Much of the activity takes place in the engine control room, a clean, well-lit room with banks of
dials, computer screens and televisions. "The control room is a very sophisticated control center. A
lot of it is automatic control but there is also manual intervention. They can open valves, start pumps,
they can pump the bilges, they can transfer fuel and water from the control room. But you also have to
have people patrolling the spaces as well. Part of it is safety and part of it is that there are things you
have to do locally on site. You can't do everything from the control room." Accordingly, teams
patrol the machinery spaces and other teams perform maintenance in those areas.
Powering The Ship
In the final analysis, everything on QM2 is dependent on electricity. It provides the force needed to
make the ship move and it provides the wherewithal for the ship's hotel to operate.
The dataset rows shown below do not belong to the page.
lemma emp_mapper_in_labels:
  assumes "c0 i \<in> L i"
    and "\<And>Y. Y \<noteq> [] \<Longrightarrow> set Y \<subseteq> U i \<Longrightarrow> C i Y \<in> sample_clusterings (length Y) (L i)"
  shows "emp_mapper U C c0 n X i x \<in> L i"
proof (cases "sub_sample U i n X = []")
  case True
  then show ?thesis using assms(1) by (simp add: emp_mapper_def)
next
  case False
  define ys where "ys = sub_sample U i n X"
  have "set ys \<subseteq> U i"
    by (auto simp: ys_def sub_sample_def)
  then have "C i ys ` {..<length ys} \<subseteq> L i"
    using assms(2) False by (auto simp: ys_def sample_clusterings_def)
  moreover have "voronoi ys (C i ys) x \<in> C i ys ` {..<length ys}"
    using False by (simp add: ys_def voronoi_in_image)
  moreover have "emp_mapper U C c0 n X i = voronoi ys (C i ys)"
    using False by (simp add: emp_mapper_def ys_def Let_def)
  ultimately show ?thesis
    by auto
qed

lemma D_M_le_tube_fraction:
  assumes fin: "\<forall>i<t. finite (L i)" and disj: "\<forall>i<t. \<forall>j<t. i \<noteq> j \<longrightarrow> L i \<inter> L j = {}"
    and E1: "\<And>i x. i < t \<Longrightarrow> x \<in> U i \<Longrightarrow> E1 i x \<in> L i"
    and E2: "\<And>i x. i < t \<Longrightarrow> x \<in> U i \<Longrightarrow> E2 i x \<in> L i"
    and D1: "D_bdry U L t E1 f \<le> ereal \<gamma>" and D2: "D_bdry U L t E2 f \<le> ereal \<gamma>" and "\<gamma> \<ge> 0"
  shows "D_M U L t E1 E2 ys
    \<le> real (length (filter (\<lambda>y. y \<in> tube_map U L t f \<gamma>) ys)) / real (length ys)"
proof -
  obtain \<pi> where "\<pi> \<in> label_perms L t"
    "\<forall>z. z \<notin> tube_map U L t f \<gamma> \<longrightarrow> mapper U t E1 z = \<pi> ` mapper U t E2 z"
    using ex_label_perm_mapper_eq_off_tube[OF fin disj E1 E2
        refines_off_if_D_bdry_le[OF D1 \<open>\<gamma> \<ge> 0\<close> fin] refines_off_if_D_bdry_le[OF D2 \<open>\<gamma> \<ge> 0\<close> fin]]
    by blast
  then show ?thesis
    by (rule D_M_le_fraction_if_perm_agrees_off[OF fin])
qed

definition empirical_freq :: "'a set \<Rightarrow> nat \<Rightarrow> (nat \<Rightarrow> 'a) \<Rightarrow> real" where
  "empirical_freq T n X = (\<Sum>j<n. indicator T (X j)) / real n"

lemma empirical_freq_nonneg: "0 \<le> empirical_freq T n X"
  by (simp add: empirical_freq_def sum_nonneg)

lemma length_filter_map_upt:
  "real (length (filter (\<lambda>y. y \<in> T) (map X [0..<n]))) = (\<Sum>j<n. indicator T (X j))"
  by (induction n) (auto simp: indicator_def)

lemma D_M_two_samples_le:
  fixes E :: "(nat \<Rightarrow> 'a::metric_space) \<Rightarrow> nat \<Rightarrow> 'a \<Rightarrow> 'l"
  assumes fin: "\<forall>i<t. finite (L i)" and disj: "\<forall>i<t. \<forall>j<t. i \<noteq> j \<longrightarrow> L i \<inter> L j = {}"
    and E: "\<And>X i x. i < t \<Longrightarrow> x \<in> U i \<Longrightarrow> E X i x \<in> L i" and "\<gamma> \<ge> 0"
    and good: "\<And>X. X \<in> {X', X''} \<Longrightarrow> X \<notin> B \<Longrightarrow> D_bdry U L t (E X) f \<le> ereal \<gamma>"
  shows "D_M U L t (E X') (E X'') (map X' [0..<n] @ map X'' [0..<n])
    \<le> (empirical_freq (tube_map U L t f \<gamma>) n X' / 2 + indicator B X')
       + (empirical_freq (tube_map U L t f \<gamma>) n X'' / 2 + indicator B X'')"
proof (cases "X' \<in> B \<or> X'' \<in> B")
  case True
  then have "1 \<le> indicator B X' + (indicator B X'' :: real)"
    by (auto simp: indicator_def)
  moreover have "0 \<le> empirical_freq (tube_map U L t f \<gamma>) n X' / 2"
    "0 \<le> empirical_freq (tube_map U L t f \<gamma>) n X'' / 2"
    by (simp_all add: empirical_freq_nonneg)
  ultimately show ?thesis
    using D_M_le_1[OF fin, of U "E X'" "E X''" "map X' [0..<n] @ map X'' [0..<n]"] by linarith
next
  case False
  let ?T = "tube_map U L t f \<gamma>"
  have "D_M U L t (E X') (E X'') (map X' [0..<n] @ map X'' [0..<n])
      \<le> real (length (filter (\<lambda>y. y \<in> ?T) (map X' [0..<n] @ map X'' [0..<n])))
        / real (length (map X' [0..<n] @ map X'' [0..<n]))"
    using False good by (intro D_M_le_tube_fraction[OF fin disj E E _ _ \<open>\<gamma> \<ge> 0\<close>]) auto
  also have "\<dots> = empirical_freq ?T n X' / 2 + empirical_freq ?T n X'' / 2"
    by (simp add: length_filter_map_upt[simplified] empirical_freq_def add_divide_distrib)
  finally show ?thesis
    using False by simp
qed

lemma integral_PiM_component:
  fixes g :: "'b \<Rightarrow> real"
  assumes "\<And>i. i \<in> I \<Longrightarrow> prob_space (M i)" "i \<in> I" "g \<in> borel_measurable (M i)"
  shows "(\<integral>\<omega>. g (\<omega> i) \<partial>PiM I M) = integral\<^sup>L (M i) g"
  using integral_distr[OF measurable_component_singleton[OF assms(2), of M] assms(3)]
  by (simp add: distr_PiM_component assms)

lemma integrable_PiM_component:
  fixes g :: "'b \<Rightarrow> real"
  assumes "\<And>i. i \<in> I \<Longrightarrow> prob_space (M i)" "i \<in> I" "integrable (M i) g"
  shows "integrable (PiM I M) (\<lambda>\<omega>. g (\<omega> i))"
  using integrable_distr_eq[OF measurable_component_singleton[OF assms(2), of M]
      borel_measurable_integrable[OF assms(3)]]
  by (simp add: distr_PiM_component assms)

lemma
  assumes "prob_space P" "T \<in> sets P"
  shows integrable_empirical_freq: "integrable (PiM {..<n} (\<lambda>_. P)) (empirical_freq T n)"
    and integral_empirical_freq_le: "(\<integral>X. empirical_freq T n X \<partial>PiM {..<n} (\<lambda>_. P)) \<le> measure P T"
proof -
  interpret P: prob_space P by fact
  have int: "integrable (PiM {..<n} (\<lambda>_. P)) (\<lambda>X. indicator T (X j) :: real)" if "j < n" for j
    using assms that P.emeasure_finite[of T]
    by (intro integrable_PiM_component integrable_real_indicator) (auto simp: less_top[symmetric])
  then show "integrable (PiM {..<n} (\<lambda>_. P)) (empirical_freq T n)"
    unfolding empirical_freq_def by (intro integrable_divide integrable_sum) auto
  have "(\<integral>X. indicator T (X j) \<partial>PiM {..<n} (\<lambda>_. P)) = measure P T" if "j < n" for j
    using assms that sets.sets_into_space[OF assms(2)]
    by (subst integral_PiM_component) (auto simp: Int_absorb2)
  then show "(\<integral>X. empirical_freq T n X \<partial>PiM {..<n} (\<lambda>_. P)) \<le> measure P T"
    using int by (cases "n = 0") (simp_all add: empirical_freq_def)
qed

lemma (in prob_space) integral_pair_le_twice:
  fixes D :: "'a \<times> 'a \<Rightarrow> real" and w :: "'a \<Rightarrow> real"
  assumes w: "integrable M w" and w_nonneg: "\<And>x. x \<in> space M \<Longrightarrow> 0 \<le> w x"
    and D: "\<And>x y. x \<in> space M \<Longrightarrow> y \<in> space M \<Longrightarrow> D (x, y) \<le> w x + w y"
  shows "(\<integral>z. D z \<partial>(M \<Otimes>\<^sub>M M)) \<le> 2 * integral\<^sup>L M w"
proof -
  interpret MM: pair_prob_space M M ..
  have w_meas[measurable]: "w \<in> borel_measurable M"
    using w by (rule borel_measurable_integrable)
  have "integrable (distr (M \<Otimes>\<^sub>M M) M fst) w"
    using w by (simp add: distr_pair_fst)
  then have int_fst: "integrable (M \<Otimes>\<^sub>M M) (\<lambda>z. w (fst z))"
    by (rule integrable_distr[rotated]) measurable
  have int_snd: "integrable (M \<Otimes>\<^sub>M M) (\<lambda>z. w (snd z))"
    using MM.integrable_product_swap[OF int_fst] by (simp add: case_prod_beta')
  have "(\<integral>z. w (fst z) \<partial>(M \<Otimes>\<^sub>M M)) = integral\<^sup>L (distr (M \<Otimes>\<^sub>M M) M fst) w"
    by (rule integral_distr[symmetric]) measurable
  also have "\<dots> = integral\<^sup>L M w"
    by (simp add: distr_pair_fst)
  finally have "(\<integral>z. w (fst z) \<partial>(M \<Otimes>\<^sub>M M)) = integral\<^sup>L M w" .
  moreover have "(\<integral>z. w (snd z) \<partial>(M \<Otimes>\<^sub>M M)) = (\<integral>z. w (fst z) \<partial>(M \<Otimes>\<^sub>M M))"
    using MM.integral_product_swap[of "\<lambda>z. w (fst z)"] by (simp add: case_prod_beta')
  moreover have "(\<integral>z. D z \<partial>(M \<Otimes>\<^sub>M M)) \<le> (\<integral>z. w (fst z) + w (snd z) \<partial>(M \<Otimes>\<^sub>M M))"
    using int_fst int_snd D w_nonneg by (intro integral_mono') (auto simp: space_pair_measure)
  ultimately show ?thesis
    using int_fst int_snd by simp
qed

lemma integral_D_M_two_samples_le:
  fixes E :: "(nat \<Rightarrow> 'a::metric_space) \<Rightarrow> nat \<Rightarrow> 'a \<Rightarrow> 'l"
  assumes "prob_space P"
    and fin: "\<forall>i<t. finite (L i)" and disj: "\<forall>i<t. \<forall>j<t. i \<noteq> j \<longrightarrow> L i \<inter> L j = {}"
    and E: "\<And>X i x. i < t \<Longrightarrow> x \<in> U i \<Longrightarrow> E X i x \<in> L i" and "\<gamma> \<ge> 0"
    and T_sets: "tube_map U L t f \<gamma> \<in> sets P"
    and B_sets: "{X \<in> space (PiM {..<n} (\<lambda>_. P)). D_bdry U L t (E X) f > ereal \<gamma>} \<in> sets (PiM {..<n} (\<lambda>_. P))"
  shows "(\<integral>Z. (case Z of (X', X'') \<Rightarrow> D_M U L t (E X') (E X'') (map X' [0..<n] @ map X'' [0..<n]))
           \<partial>(PiM {..<n} (\<lambda>_. P) \<Otimes>\<^sub>M PiM {..<n} (\<lambda>_. P)))
         \<le> measure P (tube_map U L t f \<gamma>) + 2 * measure (PiM {..<n} (\<lambda>_. P))
              {X \<in> space (PiM {..<n} (\<lambda>_. P)). D_bdry U L t (E X) f > ereal \<gamma>}"
proof -
  define M where "M = PiM {..<n} (\<lambda>_. P)"
  interpret M: prob_space M
    unfolding M_def by (intro prob_space_PiM assms(1))
  define T where "T = tube_map U L t f \<gamma>"
  define B where "B = {X \<in> space M. D_bdry U L t (E X) f > ereal \<gamma>}"
  define w where "w X = empirical_freq T n X / 2 + indicator B X" for X
  have freq_int: "integrable M (empirical_freq T n)"
    unfolding M_def T_def by (rule integrable_empirical_freq[OF assms(1) T_sets])
  have B_int: "integrable M (indicator B :: _ \<Rightarrow> real)"
    using B_sets M.emeasure_finite[of B] by (simp add: B_def M_def less_top[symmetric])
  have "(\<integral>Z. (case Z of (X', X'') \<Rightarrow> D_M U L t (E X') (E X'') (map X' [0..<n] @ map X'' [0..<n]))
           \<partial>(M \<Otimes>\<^sub>M M)) \<le> 2 * integral\<^sup>L M w"
  proof (rule M.integral_pair_le_twice)
    show "integrable M w"
      unfolding w_def using freq_int B_int by auto
    show "0 \<le> w X" for X
      by (simp add: w_def empirical_freq_nonneg)
    show "(case (X', X'') of (X', X'') \<Rightarrow> D_M U L t (E X') (E X'') (map X' [0..<n] @ map X'' [0..<n]))
        \<le> w X' + w X''" if "X' \<in> space M" "X'' \<in> space M" for X' X''
      unfolding w_def T_def using that
      by (simp, intro D_M_two_samples_le[OF fin disj E \<open>\<gamma> \<ge> 0\<close>]) (auto simp: B_def not_less)
  qed
  also have "2 * integral\<^sup>L M w \<le> measure P T + 2 * measure M B"
    using integral_empirical_freq_le[OF assms(1) T_sets, of n] freq_int B_int B_sets
    unfolding w_def by (simp add: B_def M_def T_def)
  finally show ?thesis
    unfolding M_def T_def B_def .
qed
QM2's power plant consists of four diesel engines and two gas turbine engines. "We have the
fastest most powerful ship in the world, so we have a very powerful plant with the gas turbines and
the four diesels."
The reason that QM2 has both diesel engines and gas turbines has to do with space. In order for
the ship to achieve the maximum speed which Cunard felt was necessary to have in order for the ship
to do regularly scheduled transatlantic crossings, the propulsion plant had to be capable of generating
a certain amount of electricity. An all diesel engine plant capable of producing that amount of power
would have required large uptakes and water ducts connecting the engine room located low in the
ship's hull to the funnel on the top of the ship. Those uptakes and ducts would have substantially
reduced the amount of space available for passenger public rooms. Because gas turbines are
relatively small and compact, they could be placed at the top of ship (behind the Queen Mary 2 sign)
thus provide a significant amount of additional power without interfering with passenger space.
The four diesel engines are Wartsila W46 V1646C diesel generators each with a power output of
16.8 megawatts. They use Heavy Fuel Oil (HFO) and each can burn 3.1 tons an hour at 100 percent
load. About 40 feet long, they are in a single engine room down in the ship's hull.
The two gas turbines are located in their own engine room high on the ship. They are General
Electric LM2500+ gas turbines. "Each engine is 25 megawatts, which we can achieve in five minutes
with a quick start. They are very powerful, quick engines."
Unfortunately, the downside of this technology is that these engines use Marine Gas Oil and burn
6.1 tons of it an hour at 100 percent load. "The gas turbines are very expensive. The fuel that they
require is very high quality and it is actually much more expensive than the fuel for the diesels and
they burn a lot more fuel per hour."
Consequently, the practice is to rely primarily on the diesel engines and only use the gas turbines
to "top that power off." Thus, on a six-day westbound transatlantic crossing, the ship needs to
maintain a speed of 23 and a half knots. If there is no wind or inclement weather, this is about the
maximum speed that the four diesel engines can produce and so the ship has been able to do some
westbound crossings without using the gas turbines on occasion. If the weather is bad or the ship is
delayed leaving Southampton, however, "often we will put one on but just for two or three days and
then we go on just the four diesels."
On an eastbound crossing, each day is only 23 hours because the ship loses an hour each night
going from New York to Southampton due to the difference in the time zones. As a result, the
required speed is 25 and knots on a six-day voyage and "we need at least one gas turbine all the way
across. If it is rough weather or delayed departure, we will need a second one for a short period of
time." This is one of the reasons that the ship will be doing seven-day eastbound crossings in 2010.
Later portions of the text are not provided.